Срывающимся голосом Федерико дает последние наставления актерам: не комиковать, оставаться предельно естественными в самых неправдоподобных ситуациях. Те встревоженно переглядываются — никогда еще они не видали своего директора в подобном смятении. Наконец Эдуардо Угарте оттаскивает Федерико в сторону и злым шепотом требует, чтобы он взял себя в руки, тем более что пора начинать.

Кое-как успокоившись, Федерико появляется перед занавесом. Произнося вступительное слово, он одновременно выискивает среди многих лиц, обращенных к нему, то, которое может стать для него зеркалом спектакля и барометром настроения публики. Он по опыту знает: для этой цели наиболее подходят непосредственные, живо реагирующие люди — хотя бы вон та девушка, которая, пока еще закрываясь платком, косится на него одним огромным, заранее восхищенным глазом. Можно биться об заклад, что она забудет о платке, как только раздвинется занавес. Но сегодня Федерико, точно назло себе, старается выбрать изо всех зрителей самого неподатливого. Заканчивая краткую речь уведомлением о том, что первой представлена будет интермедия Сервантеса «Саламанкская пещера», он уже знает, кто этот зритель. Угрюмый костистый старик сидит в третьем ряду, чуждый всеобщему оживлению. Поставив между ногами палку, он сцепил руки на набалдашнике, уперся в них подбородком и застыл, глядя перед собой немигающими недоверчивыми глазами.

Начинается действие. «Осушите слезы, сеньора, и прервите вздохи!» — взывает крестьянин Панкрасио, собираясь в отъезд на малый срок и прощаясь с Леонардой, своей супругой, но та безутешна. Муж за порог — и слез как не бывало: входят милые дружки — пономарь и цирюльник, только и дожидавшиеся этой минуты, появляется великолепный ужин, веселье растет... Неожиданно возвращается муж. Худо бы пришлось Леонарде, и служанке ее, Кристине, и гостям их, если б не бродяга студент, вовремя заявившийся в дом Панкрасио! Студент этот ранее обучался магическим наукам в прославленной саламанкской пещере и постиг там тайны астрологии, геомантии, гидромантии, пиромантии, аэромантии, хиромантии и некромантии...

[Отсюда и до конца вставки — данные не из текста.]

lemma zp_div:
  assumes x: "x \<in> zp" "x m = 0"
  shows "(\<lambda>n. x (n + m) div 3 ^ m) \<in> zp \<and> x = (\<lambda>n. (3 ^ m * (x (n + m) div 3 ^ m)) mod 3 ^ n)"
proof -
  define y where "y = (\<lambda>n. x (n + m) div 3 ^ m)"
  have xy: "x (n + m) = 3 ^ m * y n" for n
  proof -
    have "x (n + m) mod 3 ^ m = x m" using zp_coherent[OF x(1), of m "n + m"] by simp
    then have "x (n + m) mod 3 ^ m = 0" using x(2) by simp
    then show ?thesis unfolding y_def by (metis add.right_neutral mult_div_mod_eq)
  qed
  have pos: "(0::int) < 3 ^ m" by simp
  have "y \<in> zp" unfolding zp_def
  proof (intro CollectI allI conjI)
    fix n
    have b: "0 \<le> x (n + m) \<and> x (n + m) < 3 ^ (n + m)" using zp_memD[OF x(1)] by blast
    show "0 \<le> y n" using b xy[of n] pos by (metis zero_le_mult_iff not_less)
    have "3 ^ m * y n < 3 ^ m * 3 ^ n" using b xy[of n] by (simp add: power_add mult.commute)
    then show "y n < 3 ^ n" using pos by simp
    have "x (n + m) = x (Suc n + m) mod 3 ^ (n + m)"
      using zp_coherent[OF x(1), of "n + m" "Suc n + m"] by simp
    moreover have "x (Suc n + m) = 3 ^ m * y (Suc n)" by (rule xy)
    ultimately have "3 ^ m * y n = (3 ^ m * y (Suc n)) mod (3 ^ m * 3 ^ n)"
      by (simp only: xy power_add mult.commute)
    also have "\<dots> = 3 ^ m * (y (Suc n) mod 3 ^ n)" by (rule mod_mult_mult1)
    finally show "y n = y (Suc n) mod 3 ^ n" using pos by simp
  qed
  moreover have "x = (\<lambda>n. (3 ^ m * y n) mod 3 ^ n)"
  proof
    fix n show "x n = (3 ^ m * y n) mod 3 ^ n"
      using zp_coherent[OF x(1), of n "n + m"] xy[of n] by simp
  qed
  ultimately show ?thesis unfolding y_def by simp
qed

lemma NB_div: "p \<in> NB m \<Longrightarrow> \<exists>y \<in> Bvec. p = smul (3 ^ m) y"
proof -
  assume "p \<in> NB m"
  then obtain a b where p: "p = (a, b)" "a \<in> zp" "b \<in> zp" "a m = 0" "b m = 0"
    by (cases p) (auto simp: NB_def Bvec_iff)
  define ya where "ya = (\<lambda>n. a (n + m) div 3 ^ m)"
  define yb where "yb = (\<lambda>n. b (n + m) div 3 ^ m)"
  have A: "ya \<in> zp" "a = (\<lambda>n. (3 ^ m * ya n) mod 3 ^ n)"
    using zp_div[OF p(2) p(4)] unfolding ya_def by blast+
  have B: "yb \<in> zp" "b = (\<lambda>n. (3 ^ m * yb n) mod 3 ^ n)"
    using zp_div[OF p(3) p(5)] unfolding yb_def by blast+
  have "p = smul (3 ^ m) (ya, yb)" using p(1) A(2) B(2) by (simp add: smul_def zp_lin_def)
  then show ?thesis using A(1) B(1) by (auto simp: Bvec_iff)
qed

text \<open>\<open>B\<close> is torsion-free: \<open>3\<^sup>m y \<in> 3\<^sup>n\<^sup>+\<^sup>m B\<close> implies \<open>y \<in> 3\<^sup>n B\<close>; since
  \<open>\<lambda>\<^sup>m\<close> divides \<open>3\<^sup>m\<close>, the same holds for \<open>\<lambda>\<^sup>m\<close>.\<close>

lemma zp_3pow_cancel:
  assumes "y \<in> zp" "(3 ^ m * y (n + m)) mod 3 ^ (n + m) = 0"
  shows "y n = 0"
proof -
  have "(3::int) ^ m * 3 ^ n dvd 3 ^ m * y (n + m)"
    using assms(2) by (simp add: power_add dvd_eq_mod_eq_0)
  then have "(3::int) ^ n dvd y (n + m)" by simp
  then have "y (n + m) mod 3 ^ n = 0" by (simp add: dvd_eq_mod_eq_0)
  then show ?thesis using zp_coherent[OF assms(1), of n "n + m"] by simp
qed

lemma NB_lam_cancel:
  assumes "y \<in> Bvec" "smul (lam ^ m) y \<in> NB (n + m)"
  shows "y \<in> NB n"
proof -
  have "smul (conj (lam ^ m)) (smul (lam ^ m) y) \<in> NB (n + m)" using assms(2) by (rule NB_smul)
  then have "smul (3 ^ m) y \<in> NB (n + m)" by (simp add: smul_smul mult.commute lam_pow_conj)
  then show ?thesis
    using assms(1) zp_3pow_cancel[of "fst y" m n] zp_3pow_cancel[of "snd y" m n]
    by (auto simp: NB_def coord_simps Bvec_iff)
qed

section \<open>Closures and open subgroups\<close>

lemma closure_sub: "g0_closure A \<subseteq> A <#>\<^bsub>G0\<^esub> Nbh K"
  unfolding g0_closure_def by blast

lemma set_mult_mono: "A \<subseteq> A' \<Longrightarrow> N \<subseteq> N' \<Longrightarrow> A <#>\<^bsub>G0\<^esub> N \<subseteq> A' <#>\<^bsub>G0\<^esub> N'"
  unfolding set_mult_def by blast

lemma subgroup_set_mult: "subgroup H G0 \<Longrightarrow> H <#>\<^bsub>G0\<^esub> H \<subseteq> H"
  unfolding set_mult_def by (auto intro: subgroup.m_closed)

text \<open>An open subgroup is closed, so it contains the closure of each of its subsets.\<close>

lemma closure_in_open:
  assumes "subgroup H G0" "Nbh N \<subseteq> H" "A \<subseteq> H"
  shows "g0_closure A \<subseteq> H"
proof -
  have "g0_closure A \<subseteq> H <#>\<^bsub>G0\<^esub> H"
    using closure_sub[of A N] set_mult_mono[OF assms(3) assms(2)] by blast
  also have "\<dots> \<subseteq> H" by (rule subgroup_set_mult[OF assms(1)])
  finally show ?thesis .
qed
lemma walk_betw_join:
  assumes "walk_betw S u xs v" "walk_betw S v ys w"
  shows "walk_betw S u (xs @ tl ys) w"
proof -
  obtain ys' where ys: "ys = v # ys'" using assms(2) by (cases ys) auto
  have xs: "xs \<noteq> []" using assms(1) by auto
  show ?thesis
  proof (cases "ys' = []")
    case False
    then show ?thesis using assms xs ys by (auto simp: walk_append_iff walk_Cons)
  qed (use ys assms in simp)
qed

lemma walk_betw_rev: "walk_betw S u xs v \<Longrightarrow> walk_betw S v (rev xs) u"
proof (induction xs arbitrary: u rule: induct_list012)
  case (3 x y zs)
  then show ?case
    using walk_betw_snoc[where xs="rev (y # zs)" and v=y and w=x] by (auto simp: insert_commute)
qed auto

lemma walk_betw_prefix:
  assumes "walk_betw S u (p @ v # q) w"
  shows "walk_betw S u (p @ [v]) v"
proof (cases "q = []")
  case False
  then have "walk S (p @ [v])" using assms walk_append_iff[of "p @ [v]" q S] by auto
  moreover have "hd (p @ [v]) = u" using assms by (cases p) auto
  ultimately show ?thesis by simp
qed (use assms in auto)

lemma walk_cyclic_nth:
  assumes "walk T xs" "{last xs, hd xs} \<in> T" "i < length xs"
  shows "{xs ! i, xs ! (Suc i mod length xs)} \<in> T"
proof (cases "Suc i = length xs")
  case True
  then have "xs \<noteq> []" "i = length xs - 1" by auto
  then have "last xs = xs ! i" "hd xs = xs ! 0"
    by (simp_all add: last_conv_nth hd_conv_nth)
  then show ?thesis using True assms(2) by (simp add: insert_commute)
next
  case False
  then show ?thesis using assms walk_nth by fastforce
qed

lemma walk_betw_distinct:
  "walk_betw S u xs v \<Longrightarrow> \<exists>ys. walk_betw S u ys v \<and> distinct ys"
proof (induction "length xs" arbitrary: xs rule: less_induct)
  case less
  show ?case
  proof (cases "distinct xs")
    case False
    then obtain as z bs cs where xs: "xs = as @ [z] @ bs @ [z] @ cs"
      using not_distinct_decomp by blast
    have "walk_betw S (hd xs) (as @ [z]) z" "walk_betw S z (z # cs) (last xs)"
      using less.prems walk_append_iff[of "as @ [z]" "bs @ [z] @ cs" S]
        walk_append_iff[of "as @ [z] @ bs" "z # cs" S] xs
      by (auto simp: hd_append)
    then have "walk_betw S u (as @ z # cs) v"
      using walk_betw_join less.prems by fastforce
    then show ?thesis
      using less.hyps[of "as @ z # cs"] xs by auto
  qed (use less.prems in blast)
qed

lemma change_point_nat:
  fixes s t :: nat
  assumes "P s \<noteq> P t"
  shows "\<exists>k. min s t \<le> k \<and> k < max s t \<and> P k \<noteq> P (Suc k)"
proof -
  have "\<exists>k\<ge>s. k < t \<and> P k \<noteq> P (Suc k)" if "s \<le> t" "P s \<noteq> P t" for s t
    using that
  proof (induction t rule: dec_induct)
    case (step n)
    then show ?case by (cases "P n = P (Suc n)") (auto intro: less_SucI)
  qed simp
  from this[of s t] this[of t s] assms show ?thesis
    by (cases "s \<le> t") (auto simp: min_def max_def)
qed

section \<open>Branches of a tree\<close>

definition branch :: "'a set set \<Rightarrow> 'a \<Rightarrow> 'a \<Rightarrow> 'a set" where
  "branch T c y = {x. \<exists>ws. walk_betw (T - {{c,y}}) y ws x}"

lemma branch_self: "y \<in> branch T c y"
  unfolding branch_def by (auto intro!: exI[of _ "[y]"])

lemma branch_step:
  assumes "x \<in> branch T c y" "{x,z} \<in> T - {{c,y}}"
  shows "z \<in> branch T c y"
proof -
  obtain ws where "walk_betw (T - {{c,y}}) y ws x"
    using assms(1) unfolding branch_def by blast
  then have "walk_betw (T - {{c,y}}) y (ws @ [z]) z"
    using walk_betw_snoc assms(2) by metis
  then show ?thesis unfolding branch_def by blast
qed

lemma walk_set_subset_branch:
  assumes "walk_betw (T - {{c,y}}) y ws x"
  shows "set ws \<subseteq> branch T c y"
proof
  fix v assume "v \<in> set ws"
  then obtain p q where "ws = p @ v # q" by (meson split_list)
  then have "walk_betw (T - {{c,y}}) y (p @ [v]) v"
    using walk_betw_prefix assms by metis
  then show "v \<in> branch T c y" unfolding branch_def by blast
qed

lemma branch_subset:
  assumes "T \<subseteq> Pow V" "y \<in> V"
  shows "branch T c y \<subseteq> V"
proof
  fix x assume "x \<in> branch T c y"
  then obtain ws where "walk_betw (T - {{c,y}}) y ws x" unfolding branch_def by blast
  moreover have "set ws \<subseteq> V"
    using walk_subset_vertices[of "T - {{c,y}}" ws V] assms calculation by auto
  ultimately show "x \<in> V" by (metis last_in_set walk_Nil subsetD)
qed

lemma branch_containing:
  assumes "walk_betw T c ws x" "x \<noteq> c"
  shows "\<exists>y. {c,y} \<in> T \<and> y \<noteq> c \<and> x \<in> branch T c y"
proof -
  have "c \<in> set ws" using assms(1) by (metis hd_in_set walk_Nil)
  then obtain p q where ws: "ws = p @ c # q" and "c \<notin> set q"
    using split_list_last by metis
  moreover have "q \<noteq> []" using assms ws by auto
  ultimately have "{c, hd q} \<in> T" "walk (T - {{c, hd q}}) q" "hd q \<noteq> c" "last q = x"
    using assms walk_append_iff[of p "c # q" T] walk_Diff_edge[of T q c]
    by (cases p; auto simp: walk_Cons)+
  then show ?thesis unfolding branch_def by blast
qed

lemma acyclic_edges_no_bypass:
  assumes "acyclic_edges T" "{a,b} \<in> T" "a \<noteq> b" "walk_betw (T - {{a,b}}) a ws b"
  shows False
proof -
  obtain ys where ys: "walk_betw (T - {{a,b}}) a ys b" "distinct ys"
    using walk_betw_distinct[OF assms(4)] by blast
  then obtain y zs where "ys = a # y # zs"
    using assms(3) by (cases ys rule: remdups_adj.cases) auto
  with ys have "zs \<noteq> []" by auto
  with \<open>ys = a # y # zs\<close> have "length ys \<ge> 3" by (cases zs) auto
  moreover have "walk T ys" using ys walk_mono[of "T - {{a,b}}" T] by blast
  ultimately show False
    using assms(1,2) ys unfolding acyclic_edges_def by (auto simp: insert_commute)
qed

lemma not_in_own_branch:
  "acyclic_edges T \<Longrightarrow> {c,y} \<in> T \<Longrightarrow> c \<noteq> y \<Longrightarrow> c \<notin> branch T c y"
  unfolding branch_def using acyclic_edges_no_bypass[of T y c] by (auto simp: insert_commute)

lemma branch_disjoint:
  assumes "acyclic_edges T" "{a,b} \<in> T" "a \<noteq> b"
  shows "branch T a b \<inter> branch T b a = {}"
proof (rule ccontr)
  assume "branch T a b \<inter> branch T b a \<noteq> {}"
  then obtain x xs ys where xs: "walk_betw (T - {{a,b}}) b xs x"
    and ys: "walk_betw (T - {{a,b}}) a ys x"
    unfolding branch_def by (auto simp: insert_commute)
  have "walk_betw (T - {{a,b}}) a (ys @ tl (rev xs)) b"
    using walk_betw_join[OF ys walk_betw_rev[OF xs]] .
  then show False using acyclic_edges_no_bypass assms by metis
qed

lemma branch_psubset:
  assumes ac: "acyclic_edges T" and ab: "{a,b} \<in> T" "a \<noteq> b"
    and bz: "{b,z} \<in> T" "b \<noteq> z" and "z \<noteq> a"
  shows "branch T b z \<subset> branch T a b"
proof
  have "{b,z} \<noteq> {a,b}" using \<open>z \<noteq> a\<close> ab by (auto simp: doubleton_eq_iff)
  show "branch T b z \<subseteq> branch T a b"
  proof
    fix x assume "x \<in> branch T b z"
    then obtain ws where ws: "walk_betw (T - {{b,z}}) z ws x" unfolding branch_def by blast
    have "b \<notin> set ws"
      using walk_set_subset_branch[OF ws] not_in_own_branch[OF ac bz] by blast
    then have "walk (T - {{b,z}} - {{a,b}}) ws"
      using walk_Diff_edge[of "T - {{b,z}}" ws b "{a,b}"] ws by simp
    then have "walk (T - {{a,b}}) ws"
      by (rule walk_mono[rotated]) blast
    then have "walk_betw (T - {{a,b}}) b (b # ws) x"
      using ws bz \<open>{b,z} \<noteq> {a,b}\<close> by (auto simp: walk_Cons)
    then show "x \<in> branch T a b" unfolding branch_def by blast
  qed
  show "branch T b z \<noteq> branch T a b"
    using branch_self[of b T a] not_in_own_branch[OF ac bz] by blast
qed

lemma walk_leaving_branch:
  assumes "walk T ws" "hd ws \<in> branch T a b" "last ws \<notin> branch T a b"
  shows "\<exists>i. Suc i < length ws \<and> {ws ! i, ws ! Suc i} = {a,b}"
proof -
  have ne: "ws \<noteq> []" using assms(1) by auto
  then obtain i where i: "i < length ws - 1"
    and change: "(ws ! i \<in> branch T a b) \<noteq> (ws ! Suc i \<in> branch T a b)"
    using assms change_point_nat[of "\<lambda>i. ws ! i \<in> branch T a b" 0 "length ws - 1"]
    by (auto simp: hd_conv_nth last_conv_nth)
  have "{ws ! i, ws ! Suc i} \<in> T" using walk_nth assms(1) i by fastforce
  then have "{ws ! i, ws ! Suc i} = {a,b}"
    using change branch_step[of "ws ! i" T a b "ws ! Suc i"]
      branch_step[of "ws ! Suc i" T a b "ws ! i"]
    by (auto simp: insert_commute)
  then show ?thesis using i by (intro exI[of _ i]) auto
qed

text \<open>Choose c and a neighbour y with f c in the branch at c through y such that this branch is
  as small as possible; the branch at y containing f y must then be the one through c, since any
  other branch at y would be strictly smaller.\<close>

lemma tree_edge_swapped:
  assumes fin: "finite V" and TV: "T \<subseteq> Pow V"
    and conn: "connected_on V T" and ac: "acyclic_edges T"
    and f: "f ` V \<subseteq> V" "\<forall>c\<in>V. f c \<noteq> c" and "V \<noteq> {}"
  shows "\<exists>a b. {a,b} \<in> T \<and> a \<noteq> b \<and> f a \<in> branch T a b \<and> f b \<in> branch T b a"
proof -
  define M where "M = {(c,y). c \<in> V \<and> {c,y} \<in> T \<and> c \<noteq> y \<and> f c \<in> branch T c y}"
  have ex: "\<exists>y. (c,y) \<in> M" if c: "c \<in> V" for c
  proof -
    have "f c \<in> V" "f c \<noteq> c" using f c by auto
    then obtain ws where "walk_betw T c ws (f c)"
      using conn c unfolding connected_on_def by blast
    then have "\<exists>y. {c,y} \<in> T \<and> y \<noteq> c \<and> f c \<in> branch T c y"
      using \<open>f c \<noteq> c\<close> by (rule branch_containing)
    then show ?thesis using c unfolding M_def by auto
  qed
  obtain p0 where "p0 \<in> M" using ex \<open>V \<noteq> {}\<close> by fast
  then obtain q where "q \<in> M"
    and least: "\<forall>q'\<in>M. card (branch T (fst q) (snd q)) \<le> card (branch T (fst q') (snd q'))"
    using ex_has_least_nat[of "\<lambda>q. q \<in> M" p0 "\<lambda>q. card (branch T (fst q) (snd q))"] by auto
  obtain a b where "q = (a,b)" by fastforce
  with \<open>q \<in> M\<close> have ab: "{a,b} \<in> T" "a \<noteq> b" "f a \<in> branch T a b"
    unfolding M_def by auto
  then have "b \<in> V" using TV by blast
  then obtain z where bz: "{b,z} \<in> T" "b \<noteq> z" "f b \<in> branch T b z"
    using ex unfolding M_def by blast
  have "z = a"
  proof (rule ccontr)
    assume "z \<noteq> a"
    then have "branch T b z \<subset> branch T a b"
      using branch_psubset[OF ac ab(1,2) bz(1,2)] by blast
    moreover have "finite (branch T a b)"
      using branch_subset[OF TV \<open>b \<in> V\<close>] fin finite_subset by blast
    ultimately have "card (branch T b z) < card (branch T a b)"
      by (rule psubset_card_mono[rotated])
    moreover have "(b,z) \<in> M" using \<open>b \<in> V\<close> bz unfolding M_def by blast
    ultimately show False using least \<open>q = (a,b)\<close> by fastforce
  qed
  then show ?thesis using ab bz by blast
qed

lemma tdist_le_length: "walk_betw T u ws v \<Longrightarrow> tdist T u v + 1 \<le> length ws"
  unfolding tdist_def by (cases ws) (auto intro!: Least_le)

lemma tdist_attained:
  assumes "walk_betw T u ws v"
  shows "\<exists>ws'. walk_betw T u ws' v \<and> length ws' = tdist T u v + 1"
proof -
  let ?P = "\<lambda>k. \<exists>ws'. walk_betw T u ws' v \<and> length ws' = k + 1"
  have "?P (length ws - 1)" using assms by (cases ws) auto
  then have "?P (LEAST k. ?P k)" by (rule LeastI)
  then show ?thesis unfolding tdist_def by simp
qed

lemma finite_edge_values:
  "finite V \<Longrightarrow> E \<subseteq> Pow V \<Longrightarrow> finite {g u v | u v. {u,v} \<in> E}"
  by (rule finite_subset[of _ "(\<lambda>(u,v). g u v) ` (V \<times> V)"]) auto

lemma tdist_le_tree_stretch:
  "finite V \<Longrightarrow> E \<subseteq> Pow V \<Longrightarrow> {u,v} \<in> E \<Longrightarrow> tdist T u v \<le> tree_stretch E T"
  unfolding tree_stretch_def by (rule Max_ge[OF finite_edge_values]) auto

За кулисами Эдуардо, ликуя, толкает в бок Федерико, да тот и сам слышит, как чистосердечно принимают спектакль жители Бурго де Осма, как жадно ловят они каждое слово, залпами хохота откликаясь на смешные реплики и немедленно замирая, едва лишь актер на сцене снова открывает рот. И все же Федерико заставляет себя следить за лицом старика из третьего ряда, а оно по-прежнему остается каменным. Уж не глух ли он? Нет, глухие смотрят не так.

Интермедия между тем подходит к кульминационному пункту. Чтобы вызволить злополучных гостей, наспех спрятанных Леонардой вместе с едва початыми блюдами, а заодно попользоваться их ужином, студент объявляет: знания, приобретенные в саламанкской пещере, позволяют ему пировать задаром во всякое время. «Будет ли довольна ваша милость, — предлагает он Панкрасио, который преисполнен уважения к его учености, — если я прикажу двум дьяволам в человеческом виде принести сюда корзину с холодными кушаньями и прочей снедью?» Разумеется, хозяин согласен. Но в чьем же именно виде появятся дьяволы? Да хоть в виде здешнего пономаря и его приятеля брадобрея.

Дьяволы вылезают из чулана, публика умирает от смеха. И вдруг — тишина. Федерико нет надобности смотреть на сцену, он знает, что сейчас Панкрасио — молодец Панкрасио, не зря он столько с ним возился! — повернулся лицом к зрителям, молча подошел к самому краю подмостков. Это не дурачок, не простак — это обыкновенный человек, не столько даже обманутый, сколько припертый к стене своими убеждениями, которые он имел неосторожность поставить выше опыта. Никогда бы он не принял за нечистую силу двух прохвостов, подозрительным образом оказавшихся у него в доме! Но, с другой стороны, он же убежден в существовании нечистой силы? — убежден, Он верит в могущество тайных наук? — да, верит, Коли так, почему же не допустить, что дьяволы, явившиеся по воле ученого чародея, могли и вправду принять облик пономаря и цирюльника? А если собственные глаза свидетельствуют обратное — что ж, тем хуже для глаз!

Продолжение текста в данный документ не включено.